CHAPTER XXXII.
THE USE OF RELIGION.
But granted, people may say, that religion is what you say, a cult of the emotions, of what use is it? Why should these emotions be cultivated at all? You say that they are beautiful because they are true, and that they are true because they are of use. Of what use are they? Some can be explained perhaps, but not most—not the instinct of God, for instance, nor of Law, nor the instinct of prayer. It seems to me that unless you can prove that they are true, essentially true conceptions, they cannot be beautiful. And this you say you cannot prove. "No one can prove God," you say, and prayer, surely that is against reason, and demonstrably a weakness. Certainly not a good emotion to cultivate. "You say it is beautiful. How can you prove that?"
Travelling on the Continent among those places where there are little colonies of English people who for one reason or another have left their own country, there crops up occasionally a man of peculiar kind, hardly ever to be met elsewhere. He is a man who has left England, we will suppose, for economy's sake, who has settled abroad, perhaps in one place, perhaps roaming from place to place, who has no work, no interest in life. He has drifted away from the current of our national life, he has entered no other, but he exists, he would say, as a student of man and a philosopher on motives.

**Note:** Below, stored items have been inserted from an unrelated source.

definition sigma_abpq :: "(nat \<Rightarrow> nat) \<Rightarrow> (nat \<Rightarrow> nat) \<Rightarrow> nat \<Rightarrow> nat \<Rightarrow> nat \<Rightarrow> nat \<Rightarrow> nat" where
  "sigma_abpq \<alpha> \<beta> p q i = sigma_tilde \<alpha> \<beta> p q i \<circ> ((Transposition.transpose (1::nat) 2) ^^ i)"

definition C_set :: "nat \<Rightarrow> nat \<Rightarrow> (nat \<Rightarrow> nat) set" where
  "C_set p q = {sigma_abpq \<alpha> \<beta> p q i | i \<alpha> \<beta>. i \<le> q - 1 \<and> (\<alpha>, \<beta>) \<in> Sh1 (q - i) i}"

definition Phi :: "nat \<Rightarrow> nat \<Rightarrow> nat \<Rightarrow> nat" where
  "Phi k l x = (if 1 \<le> x \<and> x \<le> l then x + k else if l < x \<and> x \<le> k + l then x - l else x)"

end

theory Submission
  imports Defs
begin

text \<open>Iterating the Jacobi identity gives, for every \<open>u\<close>,
  \<open>[u, [x_1, ..., x_k]] = \<Sum>(-1)^|B| [u, x_B, x_C]\<close> over all \<open>B \<subseteq> {2..k}\<close>, where \<open>x_B\<close> lists
  the variables indexed by \<open>B\<close> in decreasing order and \<open>x_C\<close> those indexed by
  \<open>C = {1..k} - B\<close> in increasing order. For \<open>u = [x_(k+1), ..., x_(k+l)]\<close> the sign is
  absorbed by swapping the first two letters of the word \<open>|B|\<close> times, which is exactly the
  effect of the factor \<open>(1,2)^i\<close> in \<open>\<sigma>_(\<alpha>,\<beta>,l,k)\<close>: the permutation
  \<open>\<Phi>_(k,l) \<circ> \<sigma>_(\<alpha>,\<beta>,l,k)\<close> spells this word for \<open>B = \<beta>({1..i})\<close>. Shuffles in
  \<open>Sh^1(k-i, i)\<close> correspond bijectively to the sets \<open>B \<subseteq> {2..k}\<close> of size \<open>i\<close>
  (\<open>\<beta>\<close> enumerates \<open>B\<close>, \<open>\<alpha>\<close> its complement, which contains 1), so both sides
  are the same sum.\<close>

section \<open>Brackets in the free associative ring\<close>

lemma nc_mult_assoc: "nc_mult (nc_mult p q) r = nc_mult p (nc_mult q r)"
proof (rule ext)
  fix w :: "nat list"
  let ?n = "length w"
  have "nc_mult (nc_mult p q) r w
      = (\<Sum>i\<le>?n. \<Sum>j\<le>i. p (take j w) * q (take (i-j) (drop j w)) * r (drop i w))"
    unfolding nc_mult_def
    by (rule sum.cong[OF refl]) (simp add: sum_distrib_right min_def drop_take mult.assoc)
  also have "\<dots> = (\<Sum>(i,j)\<in>{(i,j). j\<le>i \<and> i\<le>?n}. p (take j w) * q (take (i-j) (drop j w)) * r (drop i w))"
    by (simp add: sum.Sigma atMost_def) (rule sum.cong, auto)
  also have "\<dots> = (\<Sum>(j,t)\<in>{(j,t). j + t \<le> ?n}. p (take j w) * q (take t (drop j w)) * r (drop (j+t) w))"
    by (rule sum.reindex_bij_witness[where i="\<lambda>(j,t). (j+t,j)" and j="\<lambda>(i,j). (j,i-j)"]) auto
  also have "\<dots> = (\<Sum>j\<le>?n. \<Sum>t\<le>?n-j. p (take j w) * q (take t (drop j w)) * r (drop (j+t) w))"
    by (simp add: sum.Sigma atMost_def) (rule sum.cong, auto)
  also have "\<dots> = nc_mult p (nc_mult q r) w"
    unfolding nc_mult_def
    by (rule sum.cong[OF refl]) (simp add: sum_distrib_left mult.assoc add.commute)
  finally show "nc_mult (nc_mult p q) r w = nc_mult p (nc_mult q r) w" .
qed

lemma nc_mult_diff_left: "nc_mult (p - q) r = nc_mult p r - nc_mult q r"
  by (simp add: nc_mult_def fun_eq_iff left_diff_distrib sum_subtractf)

lemma nc_mult_diff_right: "nc_mult r (p - q) = nc_mult r p - nc_mult r q"
  by (simp add: nc_mult_def fun_eq_iff right_diff_distrib sum_subtractf)

lemma nc_mult_sum_left:
  "finite S \<Longrightarrow> nc_mult (\<lambda>w. \<Sum>b\<in>S. c b * f b w) r = (\<lambda>w. \<Sum>b\<in>S. c b * nc_mult (f b) r w)"
  by (auto simp: nc_mult_def fun_eq_iff sum_distrib_right sum_distrib_left mult.assoc
      intro: sum.swap)

lemma nc_mult_sum_right:
  "finite S \<Longrightarrow> nc_mult r (\<lambda>w. \<Sum>b\<in>S. c b * f b w) = (\<lambda>w. \<Sum>b\<in>S. c b * nc_mult r (f b) w)"
  by (auto simp: nc_mult_def fun_eq_iff sum_distrib_left mult.left_commute intro: sum.swap)

lemma nc_bracket_eq_diff: "nc_bracket u v = nc_mult u v - nc_mult v u"
  by (simp add: nc_bracket_def fun_diff_def)

lemma nc_bracket_jacobi:
  "nc_bracket u (nc_bracket v w) = nc_bracket (nc_bracket u v) w - nc_bracket (nc_bracket u w) v"
  unfolding nc_bracket_eq_diff nc_mult_diff_left nc_mult_diff_right nc_mult_assoc
  by (simp add: fun_eq_iff)

lemma nc_bracket_sum_left:
  "finite S \<Longrightarrow> nc_bracket (\<lambda>w. \<Sum>b\<in>S. c b * f b w) r = (\<lambda>w. \<Sum>b\<in>S. c b * nc_bracket (f b) r w)"
  by (simp add: nc_bracket_def nc_mult_sum_left nc_mult_sum_right right_diff_distrib sum_subtractf)

lemma nc_bracket_antisym: "nc_bracket v u = - nc_bracket u v"
  by (simp add: nc_bracket_def fun_eq_iff)

lemma nc_bracket_uminus_left: "nc_bracket (- u) v = - nc_bracket u v"
  by (simp add: nc_bracket_def nc_mult_def fun_eq_iff sum_negf)

lemma foldl_nc_bracket_uminus: "foldl nc_bracket (- u) vs = - foldl nc_bracket u vs"
  by (induction vs arbitrary: u) (simp_all add: nc_bracket_uminus_left)

lemma lbracket_append: "us \<noteq> [] \<Longrightarrow> lbracket (us @ vs) = foldl nc_bracket (lbracket us) vs"
  by (cases us) auto

definition lbracket_from :: "ncpoly \<Rightarrow> nat list \<Rightarrow> ncpoly" where
  "lbracket_from u zs = foldl nc_bracket u (map var zs)"

lemma lbracket_from_snoc: "lbracket_from u (zs @ [z]) = nc_bracket (lbracket_from u zs) (var z)"
  by (simp add: lbracket_from_def)

lemma lbracket_from_Cons: "lbracket_from u (z # zs) = lbracket_from (nc_bracket u (var z)) zs"
  by (simp add: lbracket_from_def)

lemma sum_Pow_insert:
  assumes "finite A" and "a \<notin> A"
  shows "(\<Sum>B\<in>Pow (insert a A). f B) = (\<Sum>B\<in>Pow A. f B) + (\<Sum>B\<in>Pow A. f (insert a B))"
proof -
  have "inj_on (insert a) (Pow A)"
    using assms(2) by (intro inj_onI) (metis PowD Diff_insert_absorb in_mono)
  then show ?thesis
    unfolding Pow_insert using assms
    by (subst sum.union_disjoint) (auto simp: sum.reindex)
qed

lemma sorted_list_of_set_insert_greatest:
  fixes A :: "'a::linorder set"
  assumes "finite A" and "\<forall>x\<in>A. x < a"
  shows "sorted_list_of_set (insert a A) = sorted_list_of_set A @ [a]"
  using assms by (subst sorted_list_of_set_unique[symmetric])
    (auto simp: sorted_wrt_append strict_sorted_iff less_imp_neq)

lemma nc_bracket_lbracket_expansion:
  assumes "n \<ge> 1"
  shows "nc_bracket u (lbracket (map var [1..<n+1]))
       = (\<lambda>w. \<Sum>B\<in>Pow {2..n}. (-1) ^ card B
            * lbracket_from u (rev (sorted_list_of_set B) @ sorted_list_of_set ({1..n} - B)) w)"
  using assms
proof (induction n arbitrary: u rule: nat_induct_at_least)
  case base
  have "{1..1::nat} = {1}" by auto
  then show ?case by (simp add: lbracket_from_def)
next
  case (Suc n)
  define x where "x = Suc n"
  define summand where "summand u B =
    lbracket_from u (rev (sorted_list_of_set B) @ sorted_list_of_set ({1..n} - B))" for u B
  have "lbracket (map var [1..<Suc n + 1]) = nc_bracket (lbracket (map var [1..<n+1])) (var x)"
    using Suc.hyps lbracket_append[of "map var [1..<n+1]" "[var x]"] by (simp add: x_def)
  then have "nc_bracket u (lbracket (map var [1..<Suc n + 1]))
      = nc_bracket (\<lambda>w. \<Sum>B\<in>Pow {2..n}. (-1) ^ card B * summand u B w) (var x)
        - (\<lambda>w. \<Sum>B\<in>Pow {2..n}. (-1) ^ card B * summand (nc_bracket u (var x)) B w)"
    by (simp only: nc_bracket_jacobi Suc.IH summand_def)
  also have "\<dots> = (\<lambda>w. \<Sum>B\<in>Pow {2..Suc n}. (-1) ^ card B
            * lbracket_from u (rev (sorted_list_of_set B) @ sorted_list_of_set ({1..Suc n} - B)) w)"
  proof -
    have split: "(\<Sum>B\<in>Pow {2..Suc n}. f B) = (\<Sum>B\<in>Pow {2..n}. f B + f (insert x B))"
      for f :: "nat set \<Rightarrow> int"
      using Suc.hyps sum_Pow_insert[of "{2..n}" x f]
      by (simp add: x_def atLeastAtMostSuc_conv sum.distrib)
    have without_x: "lbracket_from u (rev (sorted_list_of_set B) @ sorted_list_of_set ({1..Suc n} - B))
        = nc_bracket (summand u B) (var x)" if "B \<subseteq> {2..n}" for B
    proof -
      have "{1..Suc n} - B = insert x ({1..n} - B)" using that by (auto simp: x_def)
      then have "sorted_list_of_set ({1..Suc n} - B) = sorted_list_of_set ({1..n} - B) @ [x]"
        by (simp only:) (rule sorted_list_of_set_insert_greatest, auto simp: x_def)
      then show ?thesis by (simp add: summand_def flip: lbracket_from_snoc)
    qed
    have with_x: "card (insert x B) = Suc (card B)"
      "lbracket_from u (rev (sorted_list_of_set (insert x B)) @ sorted_list_of_set ({1..Suc n} - insert x B))
        = summand (nc_bracket u (var x)) B" if "B \<subseteq> {2..n}" for B
    proof -
      have "finite B" and "x \<notin> B" using that finite_subset[OF that] by (auto simp: x_def)
      then show "card (insert x B) = Suc (card B)" by simp
      have "sorted_list_of_set (insert x B) = sorted_list_of_set B @ [x]"
        using that \<open>finite B\<close> by (intro sorted_list_of_set_insert_greatest) (auto simp: x_def)
      moreover have "{1..Suc n} - insert x B = {1..n} - B" using that by (auto simp: x_def)
      ultimately show "lbracket_from u (rev (sorted_list_of_set (insert x B))
          @ sorted_list_of_set ({1..Suc n} - insert x B)) = summand (nc_bracket u (var x)) B"
        by (simp add: summand_def lbracket_from_Cons)
    qed
    have "(\<lambda>w. \<Sum>B\<in>Pow {2..Suc n}. (-1) ^ card B
            * lbracket_from u (rev (sorted_list_of_set B) @ sorted_list_of_set ({1..Suc n} - B)) w)
        = (\<lambda>w. \<Sum>B\<in>Pow {2..n}. (-1) ^ card B * nc_bracket (summand u B) (var x) w
            - (-1) ^ card B * summand (nc_bracket u (var x)) B w)"
      unfolding split by (intro ext sum.cong refl) (simp add: without_x with_x del: One_nat_def)
    then show ?thesis by (simp add: nc_bracket_sum_left fun_diff_def sum_subtractf)
  qed
  finally show ?case .
qed

section \<open>Swapping the first two letters\<close>

fun swap_first :: "'a list \<Rightarrow> 'a list" where
  "swap_first (a # b # xs) = b # a # xs"
| "swap_first xs = xs"

lemma length_swap_first [simp]: "length (swap_first xs) = length xs"
  by (cases xs rule: swap_first.cases) auto

lemma set_swap_first [simp]: "set (swap_first xs) = set xs"
  by (cases xs rule: swap_first.cases) auto

lemma distinct_swap_first [simp]: "distinct (swap_first xs) = distinct xs"
  by (cases xs rule: swap_first.cases) auto

lemma map_swap_first: "map f (swap_first xs) = swap_first (map f xs)"
  by (cases xs rule: swap_first.cases) auto

lemma map_funpow_swap_first: "map f ((swap_first ^^ i) xs) = (swap_first ^^ i) (map f xs)"
  by (induction i) (simp_all add: map_swap_first)

lemma length_funpow_swap_first [simp]: "length ((swap_first ^^ i) xs) = length xs"
  by (induction i) simp_all

lemma set_funpow_swap_first [simp]: "set ((swap_first ^^ i) xs) = set xs"
  by (induction i) simp_all

lemma distinct_funpow_swap_first [simp]: "distinct ((swap_first ^^ i) xs) = distinct xs"
  by (induction i) simp_all

lemma funpow_swap_first_append:
  "2 \<le> length xs \<Longrightarrow> (swap_first ^^ i) (xs @ ys) = (swap_first ^^ i) xs @ ys"
proof (induction i)
  case (Suc i)
  have "swap_first (zs @ ys) = swap_first zs @ ys" if "2 \<le> length zs" for zs :: "'a list"
    using that by (cases zs rule: swap_first.cases) auto
  with Suc show ?case by simp
qed simp

lemma lbracket_swap_first: "2 \<le> length us \<Longrightarrow> lbracket (swap_first us) = - lbracket us"
proof (cases us rule: swap_first.cases)
  case (1 a b vs)
  then show ?thesis
    using nc_bracket_antisym[of b a] by (simp add: foldl_nc_bracket_uminus)
qed auto

lemma lbracket_funpow_swap_first:
  "2 \<le> length us \<Longrightarrow> lbracket ((swap_first ^^ i) us) = (\<lambda>w. (-1) ^ i * lbracket us w)"
  by (induction i) (simp_all add: lbracket_swap_first fun_eq_iff)

lemma map_transpose_funpow:
  assumes "distinct (a # b # xs)"
  shows "map (Transposition.transpose a b ^^ i) (a # b # xs) = (swap_first ^^ i) (a # b # xs)"
proof (induction i)
  case (Suc i)
  have "map (Transposition.transpose a b) (a # b # xs) = swap_first (a # b # xs)"
    using assms by (auto simp: Transposition.transpose_def intro: map_idI)
  then have "map (Transposition.transpose a b ^^ Suc i) (a # b # xs)
      = map (Transposition.transpose a b ^^ i) (swap_first (a # b # xs))"
    by (simp only: funpow_Suc_right map_map[symmetric])
  also have "\<dots> = (swap_first ^^ Suc i) (a # b # xs)"
    using Suc by (simp only: map_swap_first funpow.simps comp_apply)
  finally show ?case .
qed simp

section \<open>The words of the expansion\<close>

definition shuffle_word :: "nat \<Rightarrow> nat \<Rightarrow> nat set \<Rightarrow> nat list" where
  "shuffle_word k l B = (swap_first ^^ card B)
     ([k+1..<k+l+1] @ rev (sorted_list_of_set B) @ sorted_list_of_set ({1..k} - B))"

One such, meeting me one day, turned his conversation upon wars and upon patriotism. The former horrified him, the latter revolted him. "Patriotism," he said, "can you defend such a feeling? Have you any reasoning to support it? Patriotism is a narrowness, a blindness. It is little better than a baseness founded on ignorance. How can it be defended? You say it is beautiful. Prove to me that it is so. I deny it."
To whom, and to men like this, it seems that there is only one answer to be made.
"My friend, the love of your own people and your own country, if it ever existed within you, is long dead or you would never ask such a question. I cannot reason with you on the subject, because it would be like reasoning with a blind man on the beauty of being able to see. He who sees knows; but if a man be blind, how can it be explained to him? Neither I nor my fellows can talk to you about patriotism, because it is a feeling we have, but of which you are ignorant. It is not a question of reason. But if you would know whether patriotism be beautiful or the ignorant foolishness you suppose, I can show you the road to learn.